What this task involves ->
The expected answer comprises all lines from the entries that contain the string "Context".

Supplied records ->
(* Suppose $\min\{d_1,\dots,d_{L-1}\}\ge d_{\min}$, and: if $L=2$, $\lambda\ne y_i^2$ for all $i\in[r_Y]$; if $L\ge3$, $\lambda\ne y_i^{2(L-1)}\big((\tfrac{L-2}{L})^{\frac{L}{2(L-1)}}+(\tfrac{L}{L-2})^{\frac{L-2}{2(L-1)}}\big)^{-2(L-1)}$ for all $i\in[r_Y]$. Let $\mu:=\min\{\min_{i\in[r_Y]}|\lambda-y_i^2|,\ \lambda\}$ and $$(\epsilon_0,\kappa_0)=\begin{cases}\Big(\big(\tfrac{\sqrt\lambda\,\mu}{2(\sqrt\lambda+y_1)}\big)^{1/2},\ \tfrac{2(\sqrt\lambda+y_1)}{\sqrt\lambda\,\mu}\Big),&L=2,\\[1ex] \Big(\min\big\{(\lambda/3)^{1/(2L-2)},\ (\sqrt\lambda/(3y_1))^{1/(L-2)}\big\},\ \tfrac{3\sqrt L}{2\lambda}\Big),&L\ge3.\end{cases}$$ Then for all $\bm W=(\bm W_1,\dots,\bm W_L)$ with $(\sum_l\|\bm W_l\|_F^2)^{1/2}\le\epsilon_0$, $$\Big(\sum_{l=1}^L\|\bm W_l\|_F^2\Big)^{1/2}\le\kappa_0\|\nabla G(\bm W)\|_F.$$
   Context: Let $L\ge2$, $d_0,\dots,d_L$ positive integers, $d_{\min}=\min\{d_0,d_L\}$, $\lambda>0$, $y_1\ge\dots\ge y_{d_{\min}}\ge0$, $r_Y$ the number of positive $y_i$, and $\bm Y\in\mathbb R^{d_L\times d_0}$ the matrix with $(i,i)$ entry $y_i$ for $i\le d_{\min}$ and zeros elsewhere. For $\bm W=(\bm W_1,\dots,\bm W_L)$, $\bm W_l\in\mathbb R^{d_l\times d_{l-1}}$, $G(\bm W)=\|\bm W_L\cdots\bm W_1-\sqrt\lambda\bm Y\|_F^2+\lambda\sum_l\|\bm W_l\|_F^2$, and $\|\nabla G(\bm W)\|_F=(\sum_l\|\nabla_{\bm W_l}G(\bm W)\|_F^2)^{1/2}$. (If $y_1=0$ and $L\ge3$, the second term in the minimum defining $\epsilon_0$ is interpreted as $+\infty$.) *)

theory Defs
  imports "HOL-Analysis.Analysis"
begin

text \<open>Matrices of varying sizes are represented as functions nat => nat => real,
  only entries (i,j) with i < rows, j < cols being meaningful (0-indexed).
  A tuple W = (W_1,...,W_L) is a function nat => (nat => nat => real), W l being
  the d l x d (l-1) matrix W_l.  Singular values y are 1-indexed: y 1 >= y 2 >= ...\<close>

type_synonym mat = "nat \<Rightarrow> nat \<Rightarrow> real"

fun chainW :: "(nat \<Rightarrow> nat) \<Rightarrow> (nat \<Rightarrow> mat) \<Rightarrow> nat \<Rightarrow> mat" where
  "chainW d W 0 = (\<lambda>i j. if i = j then 1 else 0)"
| "chainW d W (Suc k) = (\<lambda>i j. \<Sum>m<d k. W (Suc k) i m * chainW d W k m j)"
(* Let $p,q\in\mathbb{C}$, let $K\in\mathbb{C}^{N\times N}$ be a constant matrix and $c=(c_1,\dots,c_N)$ a constant row vector. Let $r(n,m)=(\rho_1(n,m),\dots,\rho_N(n,m))^T$ and $M(n,m)\in\mathbb{C}^{N\times N}$ be functions on $\mathbb{Z}^2$ such that, for all $(n,m)$, $$(pI-K)\tilde r=(pI+K)r,\qquad (qI-K)\hat r=(qI+K)r,\qquad MK+KM=r\,c,$$ and $I+M(n,m)$ is invertible for all $(n,m)$. Let $a,b\in\mathbb{C}$, and assume $sI\pm K$ is invertible for $s\in\{0,p,q,a,b\}$ and the eigenvalues $k_1,\dots,k_N$ of $K$ (with multiplicity) satisfy $k_i+k_j\ne0$ for all $i,j$. For $i,j\in\mathbb{Z}$ define $S^{(i,j)}=c\,K^j(I+M)^{-1}K^i r$. Then for all $i,j\in\mathbb{Z}$: $$p\tilde S^{(i,j)}-\tilde S^{(i,j+1)}=pS^{(i,j)}+S^{(i+1,j)}-\tilde S^{(i,0)}S^{(0,j)},$$ $$pS^{(i,j)}+S^{(i,j+1)}=p\tilde S^{(i,j)}-\tilde S^{(i+1,j)}+S^{(i,0)}\tilde S^{(0,j)},$$ $$q\hat S^{(i,j)}-\hat S^{(i,j+1)}=qS^{(i,j)}+S^{(i+1,j)}-\hat S^{(i,0)}S^{(0,j)},$$ $$qS^{(i,j)}+S^{(i,j+1)}=q\hat S^{(i,j)}-\hat S^{(i+1,j)}+S^{(i,0)}\hat S^{(0,j)}.$$ Moreover, define $S(a,b)=c\,(bI+K)^{-1}(I+M)^{-1}(aI+K)^{-1}r$ and $V(a)=1-c\,(I+M)^{-1}(aI+K)^{-1}r$ (and similarly $V(b)$, $S(b,a)$). If $S^{(i,j)}=S^{(j,i)}$ for all $i,j$, then $S(a,b)=S(b,a)$, $V(a)=1-c\,(aI+K)^{-1}(I+M)^{-1}r$, and $$1-(p+b)\tilde S(a,b)+(p-a)S(a,b)=\tilde V(a)V(b),\qquad 1-(q+b)\hat S(a,b)+(q-a)S(a,b)=\hat V(a)V(b),$$ $$1-(p+a)\tilde S(a,b)+(p-b)S(a,b)=\tilde V(b)V(a),\qquad 1-(q+a)\hat S(a,b)+(q-b)S(a,b)=\hat V(b)V(a).$$
   Context: For a function $f$ on $\mathbb{Z}^2$, $\tilde f(n,m)=f(n+1,m)$ and $\hat f(n,m)=f(n,m+1)$. $I$ is the $N\times N$ identity matrix. The symmetry $S(a,b)=S(b,a)$ and the identities for $S(a,b),V$ are to be understood for all $a,b$ with $aI+K$, $bI+K$ invertible (the symmetry argument uses the formal expansion $S(a,b)=\sum_{i,j\ge0}(-1)^{i+j}a^{-i-1}b^{-j-1}S^{(i,j)}$). *)

theory Defs
  imports "HOL-Analysis.Analysis"
begin

definition mpow_nat :: "complex^'n^'n \<Rightarrow> nat \<Rightarrow> complex^'n^'n" where
  "mpow_nat K k = (((**) K) ^^ k) (mat 1)"

definition mpow_int :: "complex^'n^'n \<Rightarrow> int \<Rightarrow> complex^'n^'n" where
  "mpow_int K j = (if 0 \<le> j then mpow_nat K (nat j) else mpow_nat (matrix_inv K) (nat (- j)))"

definition rowcol :: "complex^'n \<Rightarrow> complex^'n \<Rightarrow> complex" where
  "rowcol c v = (\<Sum>k\<in>UNIV. c $ k * v $ k)"

definition outer :: "complex^'n \<Rightarrow> complex^'n \<Rightarrow> complex^'n^'n" where
  "outer r c = (\<chi> i j. r $ i * c $ j)"

definition is_eigenvalue :: "complex^'n^'n \<Rightarrow> complex \<Rightarrow> bool" where
  "is_eigenvalue K k \<longleftrightarrow> (\<exists>v. v \<noteq> 0 \<and> K *v v = k *s v)"

definition Sij :: "complex^'n \<Rightarrow> complex^'n^'n \<Rightarrow> (int \<Rightarrow> int \<Rightarrow> complex^'n^'n)
    \<Rightarrow> (int \<Rightarrow> int \<Rightarrow> complex^'n) \<Rightarrow> int \<Rightarrow> int \<Rightarrow> int \<Rightarrow> int \<Rightarrow> complex" where
  "Sij c K M r n m i j =
     rowcol c (mpow_int K j *v (matrix_inv (mat 1 + M n m) *v (mpow_int K i *v r n m)))"

definition Sab :: "complex^'n \<Rightarrow> complex^'n^'n \<Rightarrow> (int \<Rightarrow> int \<Rightarrow> complex^'n^'n)
    \<Rightarrow> (int \<Rightarrow> int \<Rightarrow> complex^'n) \<Rightarrow> int \<Rightarrow> int \<Rightarrow> complex \<Rightarrow> complex \<Rightarrow> complex" where
  "Sab c K M r n m a b =
     rowcol c (matrix_inv (mat b + K) *v (matrix_inv (mat 1 + M n m) *v
        (matrix_inv (mat a + K) *v r n m)))"

definition Va :: "complex^'n \<Rightarrow> complex^'n^'n \<Rightarrow> (int \<Rightarrow> int \<Rightarrow> complex^'n^'n)
    \<Rightarrow> (int \<Rightarrow> int \<Rightarrow> complex^'n) \<Rightarrow> int \<Rightarrow> int \<Rightarrow> complex \<Rightarrow> complex" where
  "Va c K M r n m a =
     1 - rowcol c (matrix_inv (mat 1 + M n m) *v (matrix_inv (mat a + K) *v r n m))"

end

theory Submission
  imports Defs "HOL-Computational_Algebra.Fundamental_Theorem_Algebra"
begin

(* The key step is a uniqueness statement of Sylvester type: since no two eigenvalues of K sum
   to zero, D K + K D = 0 forces D = 0 (proved by pushing D through a factored annihilating
   polynomial of K). Applied to (pI - K) M~ - M (pI - K) - r c, which anticommutes with K by the
   dispersion relation for r, it gives (pI - K) M~ - M (pI - K) = r c and dually
   M~ (pI + K) - (pI + K) M = r~ c. Conjugating with (I + M)^-1 and (I + M~)^-1 turns these into
   rank-one commutator relations for the resolvents; sandwiching them between c K^j and K^i r
   gives the four identities for S^(i,j). Since (aI + K)^-1 is a polynomial in K, the symmetry of
   S^(i,j) passes to S(a,b) and to V(a), and sandwiching the second relation between the
   resolvents (aI + K)^-1 and (bI + K)^-1 gives the bilinear identities. The q-direction is the
   same argument with q in place of p. *)

section \<open>Square matrices as a ring\<close>

text \<open>HOL-Analysis multiplies \<open>complex^'n^'n\<close> componentwise; the copy \<open>'n sqmat\<close> carries the
  matrix product instead, so that ring automation applies.\<close>

typedef ('n::finite) sqmat = "UNIV :: (complex^'n^'n) set" by simp

instantiation sqmat :: (finite) ring_1
begin

definition "0 = Abs_sqmat 0"
definition "1 = Abs_sqmat (mat 1)"
definition "A + B = Abs_sqmat (Rep_sqmat A + Rep_sqmat B)"
definition "A - B = Abs_sqmat (Rep_sqmat A - Rep_sqmat B)"
definition "- A = Abs_sqmat (- Rep_sqmat A)"
definition "A * B = Abs_sqmat (Rep_sqmat A ** Rep_sqmat B)"

instance
proof
  fix A B C :: "'a sqmat"
  have rdistrib: "(X + Y) ** Z = X ** Z + Y ** Z" for X Y Z :: "complex^'a^'a"
    by (vector matrix_matrix_mult_def sum.distrib[symmetric] field_simps)
  show "A * B * C = A * (B * C)"
    by (simp add: times_sqmat_def Abs_sqmat_inverse matrix_mul_assoc)
  show "(A + B) * C = A * C + B * C"
    by (simp add: times_sqmat_def plus_sqmat_def Abs_sqmat_inverse rdistrib)
  show "A * (B + C) = A * B + A * C"
    by (simp add: times_sqmat_def plus_sqmat_def Abs_sqmat_inverse matrix_add_ldistrib)
  show "1 * A = A" "A * 1 = A"
    by (simp_all add: times_sqmat_def one_sqmat_def Abs_sqmat_inverse Rep_sqmat_inverse)
  show "A + B + C = A + (B + C)"
    by (simp add: plus_sqmat_def Abs_sqmat_inverse add.assoc)
  show "A + B = B + A"
    by (simp add: plus_sqmat_def add.commute)
  show "0 + A = A"
    by (simp add: plus_sqmat_def zero_sqmat_def Abs_sqmat_inverse Rep_sqmat_inverse)
  show "- A + A = 0"
    by (simp add: plus_sqmat_def zero_sqmat_def uminus_sqmat_def Abs_sqmat_inverse)
  show "A - B = A + - B"
    by (simp add: plus_sqmat_def minus_sqmat_def uminus_sqmat_def Abs_sqmat_inverse)
  have "(mat 1 :: complex^'a^'a) $ i $ i = 1" for i
    by (simp add: mat_def)
  then have "(mat 1 :: complex^'a^'a) \<noteq> 0"
    by (metis zero_index zero_neq_one)
  then show "(0 :: 'a sqmat) \<noteq> 1"
    by (simp add: zero_sqmat_def one_sqmat_def Abs_sqmat_inject)
qed

end

lemma Rep_sqmat_simps [simp]:
  "Rep_sqmat (Abs_sqmat X) = X"
  "Rep_sqmat (A + B) = Rep_sqmat A + Rep_sqmat B"
  "Rep_sqmat (A - B) = Rep_sqmat A - Rep_sqmat B"
  "Rep_sqmat (- A) = - Rep_sqmat A"
  "Rep_sqmat (A * B) = Rep_sqmat A ** Rep_sqmat B"
  "Rep_sqmat 0 = 0"
  "Rep_sqmat 1 = mat 1"
  by (simp_all add: plus_sqmat_def minus_sqmat_def uminus_sqmat_def times_sqmat_def
      zero_sqmat_def one_sqmat_def Abs_sqmat_inverse)

lemma sqmat_eq_iff: "A = B \<longleftrightarrow> Rep_sqmat A = Rep_sqmat B"
  by (simp add: Rep_sqmat_inject)

lemma Abs_sqmat_mult: "Abs_sqmat (X ** Y) = Abs_sqmat X * Abs_sqmat Y"
  by (simp add: times_sqmat_def)

definition scal :: "complex \<Rightarrow> 'n::finite sqmat" where
  "scal a = Abs_sqmat (mat a)"

lemma Rep_scal [simp]: "Rep_sqmat (scal a) = mat a"
  by (simp add: scal_def)

lemma mat_mult_scalar:
  fixes A :: "complex^'n^'n"
  shows "mat a ** A = (\<chi> i j. a * A $ i $ j)" "A ** mat a = (\<chi> i j. a * A $ i $ j)"
  by (simp_all add: vec_eq_iff matrix_matrix_mult_def mat_def if_distrib if_distribR sum.delta'
      mult.commute cong: if_cong)

lemma scal_commute: "scal a * A = A * scal a"
  by (simp add: sqmat_eq_iff mat_mult_scalar)

lemma scal_left_commute: "A * (scal a * B) = scal a * (A * B)"
  by (metis mult.assoc scal_commute)

lemma scal_0 [simp]: "scal 0 = 0" and scal_1 [simp]: "scal 1 = 1"
  by (simp_all add: sqmat_eq_iff)

lemma scal_add: "scal (a + b) = scal a + scal b"
  and scal_diff: "scal (a - b) = scal a - scal b"
  and scal_minus: "scal (- a) = - scal a"
  by (simp_all add: sqmat_eq_iff vec_eq_iff mat_def)

lemma scal_mult: "scal (a * b) = scal a * scal b"
  by (simp add: sqmat_eq_iff mat_mult_scalar) (simp add: vec_eq_iff mat_def)

definition mv :: "'n::finite sqmat \<Rightarrow> complex^'n \<Rightarrow> complex^'n" where
  "mv A v = Rep_sqmat A *v v"

definition vm :: "complex^'n \<Rightarrow> 'n::finite sqmat \<Rightarrow> complex^'n" where
  "vm w A = w v* Rep_sqmat A"

lemma mv_simps [simp]:
  "mv (A * B) v = mv A (mv B v)"
  "mv (A + B) v = mv A v + mv B v"
  "mv (A - B) v = mv A v - mv B v"
  "mv (- A) v = - mv A v"
  "mv 1 v = v"
  "mv 0 v = 0"
  "mv (scal a) v = a *s v"
  "mv A (u + w) = mv A u + mv A w"
  "mv A (u - w) = mv A u - mv A w"
  "mv A (a *s u) = a *s mv A u"
  "mv A (- u) = - mv A u"
  "mv A 0 = 0"
  by (simp_all add: mv_def matrix_vector_mul_assoc matrix_vector_mult_add_rdistrib
      matrix_vector_mult_diff_rdistrib matrix_vector_right_distrib matrix_vector_mult_diff_distrib)
     (auto simp: vec_eq_iff matrix_vector_mult_def mat_def if_distrib if_distribR sum.delta'
        sum_distrib_left sum_negf algebra_simps cong: if_cong)

lemma mv_sum: "mv (sum F S) v = (\<Sum>i\<in>S. mv (F i) v)"
  and mv_sum_right: "mv A (sum f S) = (\<Sum>i\<in>S. mv A (f i))"
  by (induction S rule: infinite_finite_induct) auto

lemma vm_uminus [simp]: "vm (- w) A = - vm w A"
  by (simp add: vm_def vec_eq_iff vector_matrix_mult_def sum_negf)

lemma rowcol_simps [simp]:
  "rowcol w (u + v) = rowcol w u + rowcol w v"
  "rowcol w (u - v) = rowcol w u - rowcol w v"
  "rowcol w (a *s u) = a * rowcol w u"
  "rowcol w 0 = 0"
  "rowcol w (- u) = - rowcol w u"
  "rowcol (- w) u = - rowcol w u"
  by (simp_all add: rowcol_def sum.distrib sum_subtractf sum_distrib_left sum_negf algebra_simps)

lemma rowcol_sum: "rowcol w (sum f S) = (\<Sum>i\<in>S. rowcol w (f i))"
  by (induction S rule: infinite_finite_induct) auto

Solution for this exercise ->
   Context: Let $L\ge2$, $d_0,\dots,d_L$ positive integers, $d_{\min}=\min\{d_0,d_L\}$, $\lambda>0$, $y_1\ge\dots\ge y_{d_{\min}}\ge0$, $r_Y$ the number of positive $y_i$, and $\bm Y\in\mathbb R^{d_L\times d_0}$ the matrix with $(i,i)$ entry $y_i$ for $i\le d_{\min}$ and zeros elsewhere. For $\bm W=(\bm W_1,\dots,\bm W_L)$, $\bm W_l\in\mathbb R^{d_l\times d_{l-1}}$, $G(\bm W)=\|\bm W_L\cdots\bm W_1-\sqrt\lambda\bm Y\|_F^2+\lambda\sum_l\|\bm W_l\|_F^2$, and $\|\nabla G(\bm W)\|_F=(\sum_l\|\nabla_{\bm W_l}G(\bm W)\|_F^2)^{1/2}$. (If $y_1=0$ and $L\ge3$, the second term in the minimum defining $\epsilon_0$ is interpreted as $+\infty$.) *)
   Context: For a function $f$ on $\mathbb{Z}^2$, $\tilde f(n,m)=f(n+1,m)$ and $\hat f(n,m)=f(n,m+1)$. $I$ is the $N\times N$ identity matrix. The symmetry $S(a,b)=S(b,a)$ and the identities for $S(a,b),V$ are to be understood for all $a,b$ with $aI+K$, $bI+K$ invertible (the symmetry argument uses the formal expansion $S(a,b)=\sum_{i,j\ge0}(-1)^{i+j}a^{-i-1}b^{-j-1}S^{(i,j)}$). *)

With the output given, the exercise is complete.